St. Paul & Tacoma Lumber Co. v. Department of Labor & Industries

144 P.2d 250, 19 Wash. 2d 639
CourtWashington Supreme Court
DecidedDecember 10, 1943
DocketNo. 29048.
StatusPublished
Cited by24 cases

This text of 144 P.2d 250 (St. Paul & Tacoma Lumber Co. v. Department of Labor & Industries) is published on Counsel Stack Legal Research, covering Washington Supreme Court primary law. Counsel Stack provides free access to over 12 million legal documents including statutes, case law, regulations, and constitutions.

Bluebook
St. Paul & Tacoma Lumber Co. v. Department of Labor & Industries, 144 P.2d 250, 19 Wash. 2d 639 (Wash. 1943).

Opinions

Millard, J.

John S. Higgins, who continuously worked as a millwright for St. Paul & Tacoma Lumber Company from March, 1919, until June, 1941, died June 15,1941, while on a railroad train enroute .to Colorado with his wife, Jennie B. Higgins, on advice of several physicians to change his residence to a higher and drier climate. The Colorado death certificate states, as the immediate cause of death, “cardiac asthma — acute myocarditis.” July 28, 1941, the widow filed with the department of labor and industries a claim for pension in which she alleged that her husband’s death was the result of dust inhalation incident to his employment at the plant of his employer. March 20, 1942, the claim was rejected by the supervisor of the department on the ground that there was no evidence of an occupational disease, as contemplated by the workmen’s compensation act; that the cause of death was acute myocarditis accompanied by cardiac asthma, a condition which was “brought about through natural causes and not through exposure to dust.”

On rehearing, the supervisor was reversed September 28, 1942, by the joint board of the department, and an order was entered awarding a pension to claimant. The employer of deceased appealed from that order to the superior court for Pierce county.

Claimant’s motion that department be required forthwith to pay to her the accrued benefits and pension to which she was entitled by the department’s order, which the employer had not superseded, was denied.
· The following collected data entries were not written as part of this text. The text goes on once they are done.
(* Let $\varepsilon>0$, $\beta\in(0,1)$ and let $G$ be a graph with at least one edge. Run the following randomized procedure: set $T=-\frac{4}{\varepsilon}\ln\frac{2}{\beta}$ and $\tilde T=T+\mathrm{Lap}(2/\varepsilon)$; for $\tau=1,2,3,\dots$ compute $\tilde Q_\tau=Q_{\mathrm{Del\text{-}Deg}}(G,\tau)+\mathrm{Lap}(2/\varepsilon)$ (fresh independent noise each time) and output the first $\tau$ with $\tilde Q_\tau>\tilde T$. Then with probability at least $1-\beta$, the output $\tau$ satisfies $\tau\le\deg(G)$ and $$|Q_{\mathrm{Del\text{-}Deg}}(G,\tau)|\le\frac{4}{\varepsilon}\ln\deg(G)+\frac{8}{\varepsilon}\ln\frac{2}{\beta}.$$
   Context: Graphs are finite, simple, undirected; $\deg_G(v)$ is the degree of $v$ and $\deg(G)$ the maximum degree. $Q_{\mathrm{Del\text{-}Deg}}(G,\tau)=-\tfrac12\sum_{v:\deg_G(v)\ge\tau}(\deg_G(v)-\tau)$. $\mathrm{Lap}(b)$ denotes a random variable with density $\frac{1}{2b}e^{-|x|/b}$; all Laplace draws are independent. *)

theory Defs
  imports "HOL-Probability.Probability"
begin

definition simple_graph :: "'a set \<Rightarrow> ('a \<Rightarrow> 'a \<Rightarrow> bool) \<Rightarrow> bool" where
  "simple_graph V E \<longleftrightarrow> finite V \<and> (\<forall>u v. E u v \<longrightarrow> u \<in> V \<and> v \<in> V)
      \<and> (\<forall>u v. E u v \<longrightarrow> E v u) \<and> (\<forall>v. \<not> E v v)"

definition gdeg :: "'a set \<Rightarrow> ('a \<Rightarrow> 'a \<Rightarrow> bool) \<Rightarrow> 'a \<Rightarrow> nat" where
  "gdeg V E v = card {u \<in> V. E v u}"

definition max_deg :: "'a set \<Rightarrow> ('a \<Rightarrow> 'a \<Rightarrow> bool) \<Rightarrow> nat" where
  "max_deg V E = Max (gdeg V E ` V)"

definition Q_del_deg :: "'a set \<Rightarrow> ('a \<Rightarrow> 'a \<Rightarrow> bool) \<Rightarrow> nat \<Rightarrow> real" where
  "Q_del_deg V E \<tau> = - (1/2) * (\<Sum>v\<in>{v \<in> V. gdeg V E v \<ge> \<tau>}. (real (gdeg V E v) - real \<tau>))"

definition laplace_density :: "real \<Rightarrow> real \<Rightarrow> real" where
  "laplace_density b x = exp (- \<bar>x\<bar> / b) / (2 * b)"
Upon the same evidence (no evidence was introduced by department or employer at the rehearing by the joint board or on review of the order by the superior court) on which the department awarded a pension to claimant, the *641 trial court found that the death of the workman did not result from an occupational disease within the meaning of the workmen’s compensation act, and entered judgment reversing the department’s order and awarded to the employer an attorney’s fee to be paid out of the administrative fund of the department. The department and claimant appealed.
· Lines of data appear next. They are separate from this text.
(* For any instance of the Max-Cut problem on a graph with $n$ vertices, the DLA of QWOA satisfies $\dim(\mathfrak g_{\mathrm{QWOA,Max\text{-}Cut}})=\mathcal O(n^4)$.
   Context: Max-Cut on an undirected simple graph $G=(V,E)$, $V=\{1,\dots,n\}$: feasible solutions are all $z\in\{0,1\}^n$ and the cost $C(z)$ is the number of edges $\{u,v\}$ with $z_u\ne z_v$. On $\mathbb C^{2^n}$, $H_C$ is diagonal with $H_C|z\rangle=C(z)|z\rangle$ and $H_M$ is the $2^n\times 2^n$ all-ones matrix (equivalent up to identity to the complete-graph adjacency matrix). $\mathfrak g_{\mathrm{QWOA,Max\text{-}Cut}}$ is the real Lie algebra generated by $iH_C$ and $iH_M$ (smallest real subspace containing them and closed under commutators); its dimension is its real dimension. *)

theory Defs
  imports Complex_Main "HOL-Library.Function_Algebras"
begin

text \<open>Computational basis states |z>, z in {0,1}^n, are encoded by the set
  S = {v in {1..n}. z_v = 1} in Pow {1..n}.  Operators on C^(2^n) are encoded as
  complex matrices indexed by such sets, i.e. functions nat set => nat set => complex
  that vanish outside Pow {1..n} x Pow {1..n}.  The pointwise algebraic structure
  on functions (Function_Algebras) gives the additive group; real scalar
  multiplication is rscale.\<close>

type_synonym cmat = "nat set \<Rightarrow> nat set \<Rightarrow> complex"

definition basis_states :: "nat \<Rightarrow> nat set set" where
  "basis_states n = Pow {1..n}"

definition simple_graph :: "nat \<Rightarrow> (nat \<Rightarrow> nat \<Rightarrow> bool) \<Rightarrow> bool" where
  "simple_graph n E \<longleftrightarrow> (\<forall>u v. E u v \<longrightarrow> E v u) \<and> (\<forall>u. \<not> E u u)
     \<and> (\<forall>u v. E u v \<longrightarrow> u \<in> {1..n} \<and> v \<in> {1..n})"

definition cut_value :: "nat \<Rightarrow> (nat \<Rightarrow> nat \<Rightarrow> bool) \<Rightarrow> nat set \<Rightarrow> nat" where
  "cut_value n E S = card {(u, v). 1 \<le> u \<and> u < v \<and> v \<le> n \<and> E u v \<and> ((u \<in> S) \<noteq> (v \<in> S))}"

definition H_C :: "nat \<Rightarrow> (nat \<Rightarrow> nat \<Rightarrow> bool) \<Rightarrow> cmat" where
  "H_C n E = (\<lambda>S T. if S = T \<and> S \<in> basis_states n then of_nat (cut_value n E S) else 0)"

definition H_M :: "nat \<Rightarrow> cmat" where
  "H_M n = (\<lambda>S T. if S \<in> basis_states n \<and> T \<in> basis_states n then 1 else 0)"

definition mmul :: "nat \<Rightarrow> cmat \<Rightarrow> cmat \<Rightarrow> cmat" where
  "mmul n A B = (\<lambda>S T. \<Sum>R\<in>basis_states n. A S R * B R T)"

definition commutator :: "nat \<Rightarrow> cmat \<Rightarrow> cmat \<Rightarrow> cmat" where
  "commutator n A B = mmul n A B - mmul n B A"

definition smul_i :: "cmat \<Rightarrow> cmat" where
  "smul_i A = (\<lambda>S T. \<i> * A S T)"

definition rscale :: "real \<Rightarrow> cmat \<Rightarrow> cmat" where
  "rscale r A = (\<lambda>S T. complex_of_real r * A S T)"

definition qwoa_dla :: "nat \<Rightarrow> (nat \<Rightarrow> nat \<Rightarrow> bool) \<Rightarrow> cmat set" where
  "qwoa_dla n E = \<Inter> {L. module.subspace rscale L
       \<and> smul_i (H_C n E) \<in> L \<and> smul_i (H_M n) \<in> L
       \<and> (\<forall>A\<in>L. \<forall>B\<in>L. commutator n A B \<in> L)}"

definition real_dim :: "cmat set \<Rightarrow> nat" where
  "real_dim L = vector_space.dim rscale L"

end

theory Submission
  imports Defs
begin

text \<open>Every element of the Lie algebra is a real multiple of i H_C plus a matrix whose
  (S, T) entry depends only on the cut values C(S) and C(T).  Matrices of this second
  kind form a real space that contains i H_M and is closed under products, because the
  sum over intermediate states in a product regroups by cut value; and commuting one of
  them with the diagonal matrix i H_C multiplies its (S, T) entry by i (C(S) - C(T)).
  Since cut values lie in {0..n^2} for every edge relation, the space has real
  dimension at most 2 (n^2 + 1)^2, so the Lie algebra has dimension at most 1 + 2 (n^2 + 1)^2 \<le> 9 n^4.\<close>

interpretation rs: vector_space rscale
  by unfold_locales (auto simp: rscale_def fun_eq_iff algebra_simps)

lemma sum_apply2: "(sum F A) x y = (\<Sum>a\<in>A. F a x y)"
  by (induction A rule: infinite_finite_induct) auto

lemma mmul_add_left: "mmul n (A + B) C = mmul n A C + mmul n B C"
  by (simp add: mmul_def fun_eq_iff distrib_right sum.distrib)

lemma mmul_add_right: "mmul n C (A + B) = mmul n C A + mmul n C B"
  by (simp add: mmul_def fun_eq_iff distrib_left sum.distrib)

lemma mmul_scale_left: "mmul n (rscale r A) C = rscale r (mmul n A C)"
  by (simp add: mmul_def rscale_def fun_eq_iff sum_distrib_left mult.assoc)

lemma mmul_scale_right: "mmul n C (rscale r A) = rscale r (mmul n C A)"
  by (simp add: mmul_def rscale_def fun_eq_iff sum_distrib_left algebra_simps)

lemma commutator_add_left: "commutator n (A + B) C = commutator n A C + commutator n B C"
  by (simp add: commutator_def mmul_add_left mmul_add_right)

lemma commutator_add_right: "commutator n C (A + B) = commutator n C A + commutator n C B"
  by (simp add: commutator_def mmul_add_left mmul_add_right)

lemma commutator_scale_left: "commutator n (rscale r A) B = rscale r (commutator n A B)"
  by (simp add: commutator_def mmul_scale_left mmul_scale_right rs.scale_right_diff_distrib)

lemma commutator_scale_right: "commutator n A (rscale r B) = rscale r (commutator n A B)"
  by (simp add: commutator_def mmul_scale_left mmul_scale_right rs.scale_right_diff_distrib)

lemma commutator_self [simp]: "commutator n A A = 0"
  by (simp add: commutator_def)

definition diag_matrix :: "nat \<Rightarrow> (nat set \<Rightarrow> complex) \<Rightarrow> cmat" where
  "diag_matrix n d = (\<lambda>S T. if S = T \<and> S \<in> basis_states n then d S else 0)"

definition block_matrix :: "nat \<Rightarrow> (nat set \<Rightarrow> nat) \<Rightarrow> (nat \<Rightarrow> nat \<Rightarrow> complex) \<Rightarrow> cmat" where
  "block_matrix n c f = (\<lambda>S T. if S \<in> basis_states n \<and> T \<in> basis_states n
      then f (c S) (c T) else 0)"

lemma smul_i_H_C: "smul_i (H_C n E) = diag_matrix n (\<lambda>S. \<i> * of_nat (cut_value n E S))"
  by (auto simp: smul_i_def H_C_def diag_matrix_def fun_eq_iff)

lemma smul_i_H_M: "smul_i (H_M n) = block_matrix n c (\<lambda>_ _. \<i>)"
  by (simp add: smul_i_def H_M_def block_matrix_def fun_eq_iff)

lemma block_matrix_add:
  "block_matrix n c f + block_matrix n c g = block_matrix n c (\<lambda>j l. f j l + g j l)"
  by (simp add: block_matrix_def fun_eq_iff)

lemma block_matrix_scale:
  "rscale r (block_matrix n c f) = block_matrix n c (\<lambda>j l. of_real r * f j l)"
  by (simp add: rscale_def block_matrix_def fun_eq_iff)

lemma block_matrix_sum:
  "(\<Sum>a\<in>A. block_matrix n c (F a)) = block_matrix n c (\<lambda>j l. \<Sum>a\<in>A. F a j l)"
  by (auto simp: block_matrix_def fun_eq_iff sum_apply2)

lemma mmul_block_matrix:
  "mmul n (block_matrix n c f) (block_matrix n c g) =
   block_matrix n c (\<lambda>j l. \<Sum>R\<in>basis_states n. f j (c R) * g (c R) l)"
  by (auto simp: mmul_def block_matrix_def fun_eq_iff intro!: sum.cong)

lemma mmul_diag_block_matrix:
  "mmul n (diag_matrix n (\<lambda>S. \<phi> (c S))) (block_matrix n c g) =
   block_matrix n c (\<lambda>j l. \<phi> j * g j l)"
proof -
  have "(\<Sum>R\<in>basis_states n. diag_matrix n (\<lambda>S. \<phi> (c S)) S R * block_matrix n c g R T) =
        block_matrix n c (\<lambda>j l. \<phi> j * g j l) S T" for S T
    by (cases "S \<in> basis_states n")
       (simp_all add: diag_matrix_def block_matrix_def if_distrib[of "\<lambda>x. x * _"] sum.delta
         basis_states_def cong: if_cong)
  then show ?thesis by (simp add: mmul_def fun_eq_iff)
qed

lemma mmul_block_diag_matrix:
  "mmul n (block_matrix n c f) (diag_matrix n (\<lambda>S. \<phi> (c S))) =
   block_matrix n c (\<lambda>j l. f j l * \<phi> l)"
proof -
  have "(\<Sum>R\<in>basis_states n. block_matrix n c f S R * diag_matrix n (\<lambda>S. \<phi> (c S)) R T) =
        block_matrix n c (\<lambda>j l. f j l * \<phi> l) S T" for S T
    by (cases "T \<in> basis_states n")
       (simp_all add: diag_matrix_def block_matrix_def if_distrib[of "\<lambda>x. _ * x"] sum.delta'
         basis_states_def cong: if_cong)
  then show ?thesis by (simp add: mmul_def fun_eq_iff)
qed

lemma commutator_diag_block_matrix:
  "commutator n (diag_matrix n (\<lambda>S. \<phi> (c S))) (block_matrix n c g) =
   block_matrix n c (\<lambda>j l. (\<phi> j - \<phi> l) * g j l)"
  unfolding commutator_def mmul_diag_block_matrix mmul_block_diag_matrix
  by (simp add: block_matrix_def fun_eq_iff algebra_simps)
Counsel for the department contend that, as there was substantial evidence to support the department’s order, and there was no evidence introduced by respondent or the department, the trial court should have affirmed that order, in view of the statutory rule that the decision of the department is to be deemed prima facie correct and the burden of proof is upon the party attacking the decision. See Purdy & Whitfield v. Department of Labor & Industries. 12 Wn. (2d) 131, 120 P. (2d) 858.

This is not a situation where the prima facie correctness of the decision of the department on a question of fact is challenged. The department’s findings of fact are in no essential different from the findings of fact made by the trial court. They differ only in the conclusion of law. The department concluded that the workman died as a result of an occupational disease, while the conclusion of the trial court, was contrary thereto; Respondent employer sought in the trial court correction of the question of law, not the question of fact, which the employer contended the department had incorrectly decided.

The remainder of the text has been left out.